Speaker
Description
Here, we present a preliminary study to evaluate how hardware configuration choices can affect the performance of a distributed file system.
While it is straightforward to size hardware for intensive computational tasks to achieve a given performance target, the complexity of the I/O hardware and software stack makes it challenging to predict - and even assess [1] - file system performance based solely on hardware specifications.
However, being able to predict overall performance and associated hardware cost is of utmost importance in many cases, like, for instance, large scale sharing platforms (i.e., NextCloud and others) based on distributed storage solutions as their backbone and HPC facilities with I/O intensive workload (i.e., large scale ML training).
Our experiments are conducted using the Ceph file system; the test infrastructure comprises 10 storage nodes, each of them is equipped with 192 GB of RAM, 2 processors with 16 cores each, while the storage comprises 12x22TB HDD for data and 2x14TB NVMe for metadata.
We explore three different HW parameters: number of CPU cores, amount of memory, and disk speed to see how the performances are affected in terms of bandwidth and IOPS of sequential and random read/write operations.
As a benchmarking tool, we use FIO [2], which is run multiple times, adjusting the number of available CPU cores and the memory capacity by means of the Linux hotplug interface while controlling disk I/O speeds through Linux cgroups.
Our preliminary results reveal that for some workloads, increasing hardware resources does not yield proportional performance gains.
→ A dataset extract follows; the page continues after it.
(* For every DBI normal formula $\varphi$, the pointed action model $(\mathcal{U}_\varphi,0)$ is idempotent: for every pointed Kripke model $(\mathcal{M},w)$, the pointed updates $\bigl(\mathcal{M}\odot\mathcal{U}_\varphi,(w,0)\bigr)$ and $\bigl((\mathcal{M}\odot\mathcal{U}_\varphi)\odot\mathcal{U}_\varphi,((w,0),0)\bigr)$ are both defined and are isomorphic as pointed Kripke models.
   Context: Agents $\mathcal{A}=\{1,\dots,n\}$, $n>1$; language $\mathcal{L}$: $\varphi ::= p \mid \neg\varphi \mid (\varphi\wedge\varphi)\mid B_i\varphi$, $\top$ the usual tautology. Kripke model $\mathcal{M}=\langle S,R,V\rangle$ (nonempty $S$, $R_i\subseteq S\times S$, $V:\mathit{Prop}\to 2^S$), standard truth. Action model $\mathcal{U}=\langle E,Q,\mathsf{pre}\rangle$ (nonempty $E$, $Q_i\subseteq E\times E$, $\mathsf{pre}:E\to\mathcal{L}$). Pointed update of $(\mathcal{M},w)$ with $(\mathcal{U},\alpha)$, defined iff $\mathcal{M},w\vDash\mathsf{pre}(\alpha)$: with $T=\{(x,\beta)\in S\times E\mid\mathcal{M},x\vDash\mathsf{pre}(\beta)\}$, $\mathcal{M}\odot\mathcal{U}=\langle S^{\mathcal U},R^{\mathcal U},V^{\mathcal U}\rangle$ where $S^{\mathcal U}$ is the smallest subset of $T$ containing $(w,\alpha)$ closed under: $(x,\beta)\in S^{\mathcal U}$, $(u,\gamma)\in T$, $xR_iu$, $\beta Q_i\gamma$ imply $(u,\gamma)\in S^{\mathcal U}$; $R^{\mathcal U}_i$ relates $(x,\beta),(u,\gamma)\in S^{\mathcal U}$ iff $xR_iu$ and $\beta Q_i\gamma$; $V^{\mathcal U}(p)=\{(x,\beta)\in S^{\mathcal U}\mid x\in V(p)\}$; the result is the pointed model $(\mathcal{M}\odot\mathcal{U},(w,\alpha))$. Two pointed Kripke models are isomorphic if there is a bijection of worlds preserving the relations, the valuation and the point. Target agents: $\mathsf{ta}(p)=\varnothing$, $\mathsf{ta}(\neg\phi)=\mathsf{ta}(\phi)$, $\mathsf{ta}(\phi\wedge\psi)=\mathsf{ta}(\phi)\cup\mathsf{ta}(\psi)$, $\mathsf{ta}(B_i\phi)=\{i\}$. DBI formulas: $\varphi ::= B_i\xi \mid B_i(\xi\wedge\varphi)\mid(\varphi\wedge\varphi)\mid B_i\varphi$, $\xi$ purely propositional. DBI normal: $B_i\xi$ always; $B_i\varphi$, $B_i(\xi\wedge\varphi)$ iff $\varphi$ DBI normal and $i\notin\mathsf{ta}(\varphi)$; $\varphi\wedge\psi$ iff both DBI normal and $\mathsf{ta}(\varphi)\cap\mathsf{ta}(\psi)=\varnothing$. Action model $\mathcal{U}_\varphi=\langle E^\varphi,Q^\varphi,\mathsf{pre}^\varphi\rangle$ for DBI normal $\varphi$, recursively; always $E^\varphi=\{0,-1\}\sqcup D^\varphi$, $\varnothing\ne D^\varphi\subseteq\{1,2,\dots\}$, $\mathsf{pre}^\varphi(0)=\mathsf{pre}^\varphi(-1)=\top$; $\underline{Q}_j:=Q_j\cap((E\setminus\{0\})\times(E\setminus\{0\}))$. (1) $\varphi=B_i\xi$: $D=\{m\}$, $\mathsf{pre}(m)=\xi$, $Q_j=\{(0,-1),(m,-1),(-1,-1)\}$ ($j\ne i$), $Q_i=\{(0,m),(m,m),(-1,-1)\}$. (2) $\varphi=B_i\psi$: fresh $m\ge1$, $m\notin D^\psi$; $D^\varphi=D^\psi\sqcup\{m\}$; $\mathsf{pre}^\varphi$ extends $\mathsf{pre}^\psi$ with $\mathsf{pre}^\varphi(m)=\top$; $Q^\varphi_j=\underline{Q}^\psi_j\cup\{(0,-1)\}\cup\{(m,k)\mid(0,k)\in Q^\psi_j\}$ ($j\ne i$); $Q^\varphi_i=\underline{Q}^\psi_i\cup\{(0,m),(m,m)\}$. (3) $\varphi=B_i(\xi\wedge\psi)$: as (2) but $\mathsf{pre}^\varphi(m)=\xi$. (4) $\varphi=\psi\wedge\theta$: with $D^\psi\cap D^\theta=\varnothing$, $D^\varphi=D^\psi\sqcup D^\theta$, $\mathsf{pre}^\varphi=\mathsf{pre}^\psi\cup\mathsf{pre}^\theta$, $Q^\varphi_j=\underline{Q}^\psi_j\cup\underline{Q}^\theta_j\cup\{(0,k)\mid(0,k)\in Q^\psi_j\cup Q^\theta_j, k\in D^\psi\sqcup D^\theta\}\cup\{(0,-1)\mid\text{no such }k\text{ exists}\}$. *)

theory Defs
  imports Main
begin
Surprisingly, sequential I/O operations are not significantly influenced by additional CPU cores or memory, indicating that the lower tiers of the hierarchical storage model do not benefit enough to justify noteworthy resource increases.
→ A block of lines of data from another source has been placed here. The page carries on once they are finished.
(* Let $X$ be a proper $\mathrm{CAT}(0)$ space, and let $G$ be a group acting by isometries on $X$. Let $(g_n)_{n\in\mathbb N}$ be a sequence in $G$ that escapes every compact subspace of $X$. Then there exist a subsequence $(g_{\sigma(n)})_{n\in\mathbb N}$ and points $\xi^-,\xi^+\in\partial_\infty X$ such that for every $\xi\in(\partial_\infty X)^{\mathrm{vis}}\setminus\{\xi^-\}$, the sequence $(g_{\sigma(n)}\xi)_{n\in\mathbb N}$ converges to $\xi^+$.
   Context: $\partial_\infty X$ is the visual boundary with the visual topology. $(\partial_\infty X)^{\mathrm{vis}}$ is the set of visibility points: points $\xi\in\partial_\infty X$ such that every $\eta\in\partial_\infty X$ with $\eta\neq\xi$ can be joined to $\xi$ by a geodesic line in $X$. A sequence $(g_n)$ escapes every compact subspace of $X$ if for some (equivalently any) $x\in X$, $(g_nx)$ eventually leaves every compact subset of $X$. *)

theory Defs
  imports "HOL-Analysis.Analysis" "HOL-Algebra.Group"
begin

text \<open>The metric space X is the whole type 'a (a metric_space).\<close>

definition proper_sp :: "'a::metric_space itself \<Rightarrow> bool" where
  "proper_sp T \<longleftrightarrow> (\<forall>(x::'a) r. compact (cball x r))"

definition geoseg :: "(real \<Rightarrow> 'a::metric_space) \<Rightarrow> 'a \<Rightarrow> 'a \<Rightarrow> bool" where
  "geoseg \<gamma> x y \<longleftrightarrow> \<gamma> 0 = x \<and> \<gamma> (dist x y) = y \<and>
     (\<forall>s\<in>{0..dist x y}. \<forall>t\<in>{0..dist x y}. dist (\<gamma> s) (\<gamma> t) = \<bar>s - t\<bar>)"

definition geodesic_sp :: "'a::metric_space itself \<Rightarrow> bool" where
  "geodesic_sp T \<longleftrightarrow> (\<forall>x y::'a. \<exists>\<gamma>. geoseg \<gamma> x y)"

text \<open>Comparison point in the Euclidean plane (complex numbers) on the side [a,b] of length L.\<close>
definition cmp_pt :: "complex \<Rightarrow> complex \<Rightarrow> real \<Rightarrow> real \<Rightarrow> complex" where
  "cmp_pt a b L t = a + complex_of_real (t / L) * (b - a)"

definition side_pairs :: "(real \<Rightarrow> 'a::metric_space) \<Rightarrow> real \<Rightarrow> complex \<Rightarrow> complex \<Rightarrow> ('a \<times> complex) set" where
  "side_pairs \<gamma> L a b = {(\<gamma> t, cmp_pt a b L t) | t. 0 \<le> t \<and> t \<le> L}"

definition CAT0 :: "'a::metric_space itself \<Rightarrow> bool" where
  "CAT0 T \<longleftrightarrow> geodesic_sp T \<and>
    (\<forall>(x::'a) y z \<gamma>1 \<gamma>2 \<gamma>3 a b c.
       geoseg \<gamma>1 x y \<and> geoseg \<gamma>2 y z \<and> geoseg \<gamma>3 z x \<and>
       dist a b = dist x y \<and> dist b c = dist y z \<and> dist c a = dist z x \<longrightarrow>
       (let S = side_pairs \<gamma>1 (dist x y) a b \<union> side_pairs \<gamma>2 (dist y z) b c
                \<union> side_pairs \<gamma>3 (dist z x) c a
        in \<forall>(p, p')\<in>S. \<forall>(q, q')\<in>S. dist p q \<le> dist p' q'))"

text \<open>Geodesic rays (only values on [0,\<infinity>) matter), asymptoticity, visual boundary.\<close>
definition geo_ray :: "(real \<Rightarrow> 'a::metric_space) \<Rightarrow> bool" where
  "geo_ray c \<longleftrightarrow> (\<forall>s\<ge>0. \<forall>t\<ge>0. dist (c s) (c t) = \<bar>s - t\<bar>)"

definition asymp :: "(real \<Rightarrow> 'a::metric_space) \<Rightarrow> (real \<Rightarrow> 'a) \<Rightarrow> bool" where
  "asymp c c' \<longleftrightarrow> (\<exists>C. \<forall>t\<ge>0. dist (c t) (c' t) \<le> C)"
In contrast, IOPS-intensive tasks benefit from increased resources (CPUs and RAM).
Finally, performance consistently improves as disk speeds increase, but only up to a certain point; this suggests that the maximum potential performance of the disks is never fully realized in practice.
We are currently performing additional tests and examining different network configurations, including speed, link layer, and LAG settings, to achieve a comprehensive hardware analysis.
[1] Vasily Tarasov, Saumitra Bhanage, Erez Zadok, and Margo Seltzer.
"Benchmarking File System Benchmarking: It IS Rocket Science." Proceedings of the 13th Workshop on Hot Topics in Operating Systems
(HotOS XIII), May 2011. Napa, CA: USENIX Association.
[2] Jens Axboe. Flexible I/O Tester (fio). Version 1.2.0, 2022.